*** Opening Data supplied ***

lemma sqrt_shifted_product_bounds:
  fixes x y t :: real
  assumes "x \<ge> 0" "y \<ge> 0" "t \<ge> 0"
  shows "t + sqrt (x * y) \<le> sqrt ((t + x) * (t + y))"
    and "sqrt ((t + x) * (t + y)) \<le> t + (x + y) / 2"
proof -
  have "2 * sqrt (x * y) \<le> x + y"
    using arith_geo_mean_sqrt[of x y] assms by simp
  then have "t * (2 * sqrt (x * y)) \<le> t * (x + y)"
    using assms by (intro mult_left_mono) auto
  then show "t + sqrt (x * y) \<le> sqrt ((t + x) * (t + y))"
    using assms by (intro real_le_rsqrt) (simp add: power2_eq_square algebra_simps)
  have "0 \<le> (x - y)\<^sup>2" by simp
  then show "sqrt ((t + x) * (t + y)) \<le> t + (x + y) / 2"
    using assms by (intro real_le_lsqrt) (auto simp: power2_eq_square algebra_simps)
qed

lemma one_minus_half_mult_sqrt_less:
  fixes u :: real
  assumes "u > 0"
  shows "(1 - u / 2) * sqrt (1 + u) < 1"
proof (cases "u < 2")
  case True
  have "((1 - u / 2) * sqrt (1 + u))\<^sup>2 = 1 - u\<^sup>2 * (3 - u) / 4"
    using assms by (simp add: power_mult_distrib power2_eq_square field_simps)
  also have "\<dots> < 1\<^sup>2"
    using assms True by simp
  finally show ?thesis
    by (rule power2_less_imp_less) simp
next
  case False
  then have "(1 - u / 2) * sqrt (1 + u) \<le> 0"
    using assms by (intro mult_nonpos_nonneg) auto
  then show ?thesis by simp
qed

lemma inverse_diff_sqrt_shifted_product_bounds:
  fixes x y t :: real
  assumes "x \<ge> 0" "y \<ge> 0" "x \<noteq> 0 \<or> y \<noteq> 0" "t > 0"
  defines "a \<equiv> (x + y) / 2" and "g \<equiv> sqrt (x * y)"
  shows "0 < 1 / t - 1 / sqrt ((t + x) * (t + y))"
    and "g / (t * (t + g)) \<le> 1 / t - 1 / sqrt ((t + x) * (t + y))"
    and "1 / t - 1 / sqrt ((t + x) * (t + y)) \<le> a / (t * (t + a))"
proof -
  define S where "S = sqrt ((t + x) * (t + y))"
  have "g \<ge> 0" "a > 0" using assms by (auto simp: g_def a_def)
  have "t * (x + y) > 0" "x * y \<ge> 0" using assms by auto
  then have "t < S"
    unfolding S_def by (intro real_less_rsqrt) (simp add: power2_eq_square algebra_simps)
  then show "0 < 1 / t - 1 / sqrt ((t + x) * (t + y))"
    using assms by (simp add: S_def frac_less2)
  have "t + g \<le> S" "S \<le> t + a"
    using sqrt_shifted_product_bounds[of x y t] assms by (auto simp: S_def a_def g_def)
  then have "1 / t - 1 / (t + g) \<le> 1 / t - 1 / S" "1 / t - 1 / S \<le> 1 / t - 1 / (t + a)"
    using \<open>t > 0\<close> \<open>g \<ge> 0\<close> \<open>a > 0\<close> by (simp_all add: frac_le)
  moreover have "1 / t - 1 / (t + g) = g / (t * (t + g))" "1 / t - 1 / (t + a) = a / (t * (t + a))"
    using \<open>t > 0\<close> \<open>g \<ge> 0\<close> \<open>a > 0\<close> by (simp_all add: field_simps)
  ultimately show "g / (t * (t + g)) \<le> 1 / t - 1 / sqrt ((t + x) * (t + y))"
    and "1 / t - 1 / sqrt ((t + x) * (t + y)) \<le> a / (t * (t + a))"
    by (simp_all add: S_def)
qed

lemma inverse_diff_sqrt_shift_bounds:
  fixes z p t :: real
  assumes "z > 0" "p > 0" "t > 0"
  shows "t / (sqrt z * p * (t + p)) < 1 / (sqrt z * p) - 1 / (sqrt (t + z) * (t + p))"
    and "1 / (sqrt z * p) - 1 / (sqrt (t + z) * (t + p))
           < t * (1 / p + 1 / (2 * z)) / (sqrt z * (t + p))"
proof -
  have "sqrt z > 0" "sqrt z < sqrt (t + z)" using assms by simp_all
  then have "1 / (sqrt (t + z) * (t + p)) < 1 / (sqrt z * (t + p))"
    using assms by (intro divide_strict_left_mono mult_strict_right_mono) auto
  moreover have "1 / (r * p) - 1 / (r * (t + p)) = t / (r * p * (t + p))" if "r > 0" for r
    using assms that by (simp add: divide_simps)
  ultimately show "t / (sqrt z * p * (t + p)) < 1 / (sqrt z * p) - 1 / (sqrt (t + z) * (t + p))"
    using \<open>sqrt z > 0\<close> by fastforce
  have "sqrt (t + z) = sqrt z * sqrt (1 + t / z)"
    using assms by (simp flip: real_sqrt_mult add: field_simps)
  moreover have "(1 - t / (2 * z)) * sqrt (1 + t / z) < 1"
    using one_minus_half_mult_sqrt_less[of "t / z"] assms by (simp add: mult.commute)
  ultimately have "(1 - t / (2 * z)) * sqrt (t + z) < sqrt z"
    using \<open>sqrt z > 0\<close> by (simp add: mult.left_commute)
  moreover have "A / (r * (t + p)) < 1 / (w * (t + p))" if "A * w < r" "r > 0" "w > 0" for A r w
    using that assms by (simp add: divide_simps mult.commute)
  ultimately have "(1 - t / (2 * z)) / (sqrt z * (t + p)) < 1 / (sqrt (t + z) * (t + p))"
    using \<open>sqrt z > 0\<close> assms by (metis real_sqrt_gt_0_iff add_pos_pos)
  moreover have "1 / (r * p) - t * (1 / p + 1 / (2 * z)) / (r * (t + p))
      = (1 - t / (2 * z)) / (r * (t + p))" if "r > 0" for r
    using assms that by (simp add: divide_simps; algebra)
  ultimately show "1 / (sqrt z * p) - 1 / (sqrt (t + z) * (t + p))
      < t * (1 / p + 1 / (2 * z)) / (sqrt z * (t + p))"
    using \<open>sqrt z > 0\<close> by fastforce
qed

lemma ln_div_mean_bounds:
  fixes x y p :: real
  assumes "x \<ge> 0" "y \<ge> 0" "x \<noteq> 0 \<or> y \<noteq> 0" "(x + y) / 2 < p"
  defines "a \<equiv> (x + y) / 2" and "g \<equiv> sqrt (x * y)"
  shows "0 < ln (2 * p / (a + g))"
    and "ln p - ln a \<le> ln (2 * p / (a + g))"
    and "g > 0 \<Longrightarrow> ln (2 * p / (a + g)) \<le> ln p - ln g"
proof -
  have "g \<le> a"
    using arith_geo_mean_sqrt[of x y] assms by (simp add: a_def g_def)
  moreover have "a > 0" "g \<ge> 0" "a < p"
    using assms by (auto simp: a_def g_def)
  ultimately have L: "ln (2 * p / (a + g)) = ln p - ln ((a + g) / 2)"
    by (simp add: ln_div ln_mult)
  show "0 < ln (2 * p / (a + g))"
    using \<open>g \<le> a\<close> \<open>a > 0\<close> \<open>g \<ge> 0\<close> \<open>a < p\<close> by (intro ln_gt_zero) (simp add: field_simps)
  show "ln p - ln a \<le> ln (2 * p / (a + g))"
    unfolding L using \<open>g \<le> a\<close> \<open>a > 0\<close> \<open>g \<ge> 0\<close> by simp
  show "ln (2 * p / (a + g)) \<le> ln p - ln g" if "g > 0"
    unfolding L using \<open>g \<le> a\<close> that by simp
qed

lemma R_J_integrand_split:
  fixes S w r t p :: real
  assumes "S > 0" "w > 0" "r > 0" "t > 0" "p > 0" "w\<^sup>2 = t + r\<^sup>2"
  shows "1 / (S * w * (t + p)) = (1 / t - 1 / S) * (1 / (r * p) - 1 / (w * (t + p)))
           + (1 / S - 1 / (w * (w + r))) / (r * p) - 1 / (w * (t + p)) / p"
  using assms by (simp add: divide_simps) algebra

*** Closing Data supplied ***

Assignment:
From the start of the data to the line that holds "using arith_geo_mean_sqrt[of x y] assms by simp", retype each line exactly, with both ends included.

Exercise result:
lemma sqrt_shifted_product_bounds:
  fixes x y t :: real
  assumes "x \<ge> 0" "y \<ge> 0" "t \<ge> 0"
  shows "t + sqrt (x * y) \<le> sqrt ((t + x) * (t + y))"
    and "sqrt ((t + x) * (t + y)) \<le> t + (x + y) / 2"
proof -
  have "2 * sqrt (x * y) \<le> x + y"
    using arith_geo_mean_sqrt[of x y] assms by simp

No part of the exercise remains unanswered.